▶ **Given records**
lemma card_circuits:
  assumes "0 < n" "a < b" "0 < L" "n dvd L * a + K * (b - a)"
  shows "card {c. is_circuit n a b c \<and> length c = L \<and> b_count b c = K} = n * (L choose K)"
proof -
  let ?C = "{c. is_circuit n a b c \<and> length c = L \<and> b_count b c = K}"
  let ?W = "{w. length w = L \<and> set w \<subseteq> {a, b} \<and> length (filter (\<lambda>x. x = b) w) = K}"
  let ?f = "\<lambda>c. (origin (hd c), map snd c)"
  have "bij_betw ?f ?C ({0..<n} \<times> ?W)"
  proof (rule bij_betw_imageI)
    show "inj_on ?f ?C"
    proof (rule inj_onI)
      fix c c' assume "c \<in> ?C" "c' \<in> ?C" "?f c = ?f c'"
      then show "c = c'" unfolding is_circuit_def by (intro path_eqI[of n a b]) auto
    qed
    show "?f ` ?C = {0..<n} \<times> ?W"
    proof (rule equalityI)
      show "?f ` ?C \<subseteq> {0..<n} \<times> ?W"
      proof
        fix x assume "x \<in> ?f ` ?C"
        then obtain c where c: "is_circuit n a b c" "length c = L" "b_count b c = K" "x = ?f c"
          by blast
        then have "c \<noteq> []" and bonds: "\<forall>e\<in>set c. is_bond n a b e"
          by (simp_all add: is_circuit_iff)
        then have "origin (hd c) < n" by (simp add: is_bond_def origin_def)
        moreover have "set (map snd c) \<subseteq> {a, b}" using bonds by (auto simp: is_bond_def)
        ultimately show "x \<in> {0..<n} \<times> ?W" using c by (simp add: b_count_conv_steps)
      qed
      show "{0..<n} \<times> ?W \<subseteq> ?f ` ?C"
      proof (rule subrelI)
        fix v w assume "(v, w) \<in> {0..<n} \<times> ?W"
        then have v: "v < n"
          and w: "length w = L" "set w \<subseteq> {a, b}" "length (filter (\<lambda>x. x = b) w) = K"
          by simp_all
        have "sum_list w = L * a + K * (b - a)" using w assms(2) sum_list_two_values by simp
        then have "is_circuit n a b (circuit_of_steps n v w)"
          using v w assms(3,4) by (intro is_circuit_circuit_of_steps) auto
        moreover have "origin (hd (circuit_of_steps n v w)) = v"
          using v w assms(3) by (simp add: circuit_of_steps_def origin_def hd_map)
        ultimately show "(v, w) \<in> ?f ` ?C"
          using w b_count_conv_steps[of b "circuit_of_steps n v w"]
          by (intro image_eqI[where x = "circuit_of_steps n v w"]) simp_all
      qed
    qed
  qed
  then have "card ?C = card ({0..<n} \<times> ?W)" by (rule bij_betw_same_card)
  then show ?thesis using card_two_letter_words[of a b L K] assms(2) by (simp add: card_cartesian_product)
qed

section \<open>Primitive orbits\<close>

lemma primitive_orbit_iff_aperiodic:
  assumes "is_circuit n a b c"
  shows "primitive_orbit n a b (orbit_of c) \<longleftrightarrow> aperiodic c"
proof
  assume prim: "primitive_orbit n a b (orbit_of c)"
  show "aperiodic c"
  proof (rule ccontr)
    assume "\<not> aperiodic c"
    have "c \<noteq> []" using assms by (simp add: is_circuit_def)
    then obtain p where p: "0 < p" "p dvd length c" "\<And>d. rotate d c = c \<longleftrightarrow> p dvd d"
      using rotation_period by blast
    have "p \<noteq> length c" using \<open>\<not> aperiodic c\<close> aperiodic_iff_period[OF \<open>c \<noteq> []\<close> p] by simp
    moreover have "p \<le> length c" using p(2) \<open>c \<noteq> []\<close> by (simp add: dvd_imp_le)
    ultimately have "p < length c" by simp
    have "1 < length c div p"
    proof (rule ccontr)
      assume "\<not> 1 < length c div p"
      then have "p * (length c div p) \<le> p" using mult_le_mono2[of _ 1 p] by simp
      then show False using p(2) \<open>p < length c\<close> by simp
    qed
    moreover have "is_circuit n a b (take p c)" using is_circuit_take_period[OF assms p(1,2)] p(3) by simp
    moreover have "orbit_of c = orbit_of (concat (replicate (length c div p) (take p c)))"
      using arg_cong[OF rotate_fixed_eq_list_pow[OF p(1,2)], of orbit_of] p(3)
      unfolding list_pow_def by simp
    ultimately show False using prim unfolding primitive_orbit_def by blast
  qed
next
  assume aper: "aperiodic c"
  show "primitive_orbit n a b (orbit_of c)" unfolding primitive_orbit_def
  proof
    assume "\<exists>c0 r. is_circuit n a b c0 \<and> 1 < r \<and> orbit_of c = orbit_of (concat (replicate r c0))"
    then obtain c0 r where c0: "is_circuit n a b c0" "1 < r" "orbit_of c = orbit_of (list_pow r c0)"
      unfolding list_pow_def by blast
    have "c \<in> orbit_of (list_pow r c0)" using c0(3) in_orbit_of_self[of c] by simp
    then obtain i where c: "c = rotate i (list_pow r c0)" unfolding orbit_of_def by blast
    then have "rotate (length c0) c = c" by (simp add: rotate_fixed_rotate_iff rotate_length_list_pow)
    moreover have "0 < length c0" "length c0 < length c"
      using c0(1,2) c by (simp_all add: is_circuit_def)
    ultimately show False using aper unfolding aperiodic_def by blast
  qed
qed
text \<open>
Write \<open>\<phi> = F \<alpha>\<close> with \<open>\<alpha>\<close> a pure-past formula. As \<open>\<psi>\<close> is a pure-future formula
equivalent to \<open>\<phi>\<close>, it holds at position \<open>i\<close> of a trace iff \<open>\<alpha>\<close> holds somewhere on the
suffix starting at \<open>i\<close>. Since \<open>\<alpha>\<close> only looks into the past, this property is antitone
in \<open>i\<close>; consequently \<open>\<Pi>(\<psi>)\<close> says either that \<open>F \<alpha>\<close> holds on every suffix (if \<open>\<Pi>\<close>
contains \<open>G\<close>) or that \<open>F \<alpha>\<close> holds on the suffix starting at \<open>n\<close>, the number of \<open>X\<close>
in \<open>\<Pi>\<close>.

A past formula is evaluated deterministically by remembering which of its subformulas
held at the previous position, which takes at most \<open>2^|\<alpha>|\<close> states. \<open>F \<alpha>\<close> on the
suffix starting at \<open>n\<close> is recognised by waiting \<open>n\<close> steps and then running this monitor
with a sticky flag; \<open>F \<alpha>\<close> on every suffix is recognised by restarting the monitor
whenever \<open>\<alpha>\<close> is seen and accepting at the restarts. Both automata have at most
\<open>k + 2^(|\<alpha>|+1) \<le> (k+1) 2^|\<phi>|\<close> states, so \<open>c = 1\<close> works.
\<close>

section \<open>Deterministic Buechi automata over arbitrary state types\<close>

fun drun :: "('q \<Rightarrow> nat set \<Rightarrow> 'q) \<Rightarrow> 'q \<Rightarrow> trace \<Rightarrow> nat \<Rightarrow> 'q" where
  "drun d q w 0 = q"
| "drun d q w (Suc n) = d (drun d q w n) (w n)"

lemma drun_add: "drun d q w (m + n) = drun d (drun d q w m) (suffix m w) n"
  by (induction n) simp_all

lemma drun_Suc_shift: "drun d q w (Suc n) = drun d (d q (w 0)) (suffix 1 w) n"
  by (induction n) simp_all

lemma drun_in:
  assumes "q \<in> Q" "\<And>q a. q \<in> Q \<Longrightarrow> a \<subseteq> AP \<Longrightarrow> d q a \<in> Q" "w \<in> traces AP"
  shows "drun d q w n \<in> Q"
  using assms by (induction n) (auto simp: traces_def)

lemma run_eq_drun: "run A w n = drun (delta A) (init A) w n"
  by (induction n) simp_all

▶ **Assignment**
When you reach the line containing "Write \<open>\<phi> = F" in the data above, start copying exactly, and stop after the line containing "in \<open>i\<close>; consequently".

▶ **Task result**
Write \<open>\<phi> = F \<alpha>\<close> with \<open>\<alpha>\<close> a pure-past formula. As \<open>\<psi>\<close> is a pure-future formula
equivalent to \<open>\<phi>\<close>, it holds at position \<open>i\<close> of a trace iff \<open>\<alpha>\<close> holds somewhere on the
suffix starting at \<open>i\<close>. Since \<open>\<alpha>\<close> only looks into the past, this property is antitone
in \<open>i\<close>; consequently \<open>\<Pi>(\<psi>)\<close> says either that \<open>F \<alpha>\<close> holds on every suffix (if \<open>\<Pi>\<close>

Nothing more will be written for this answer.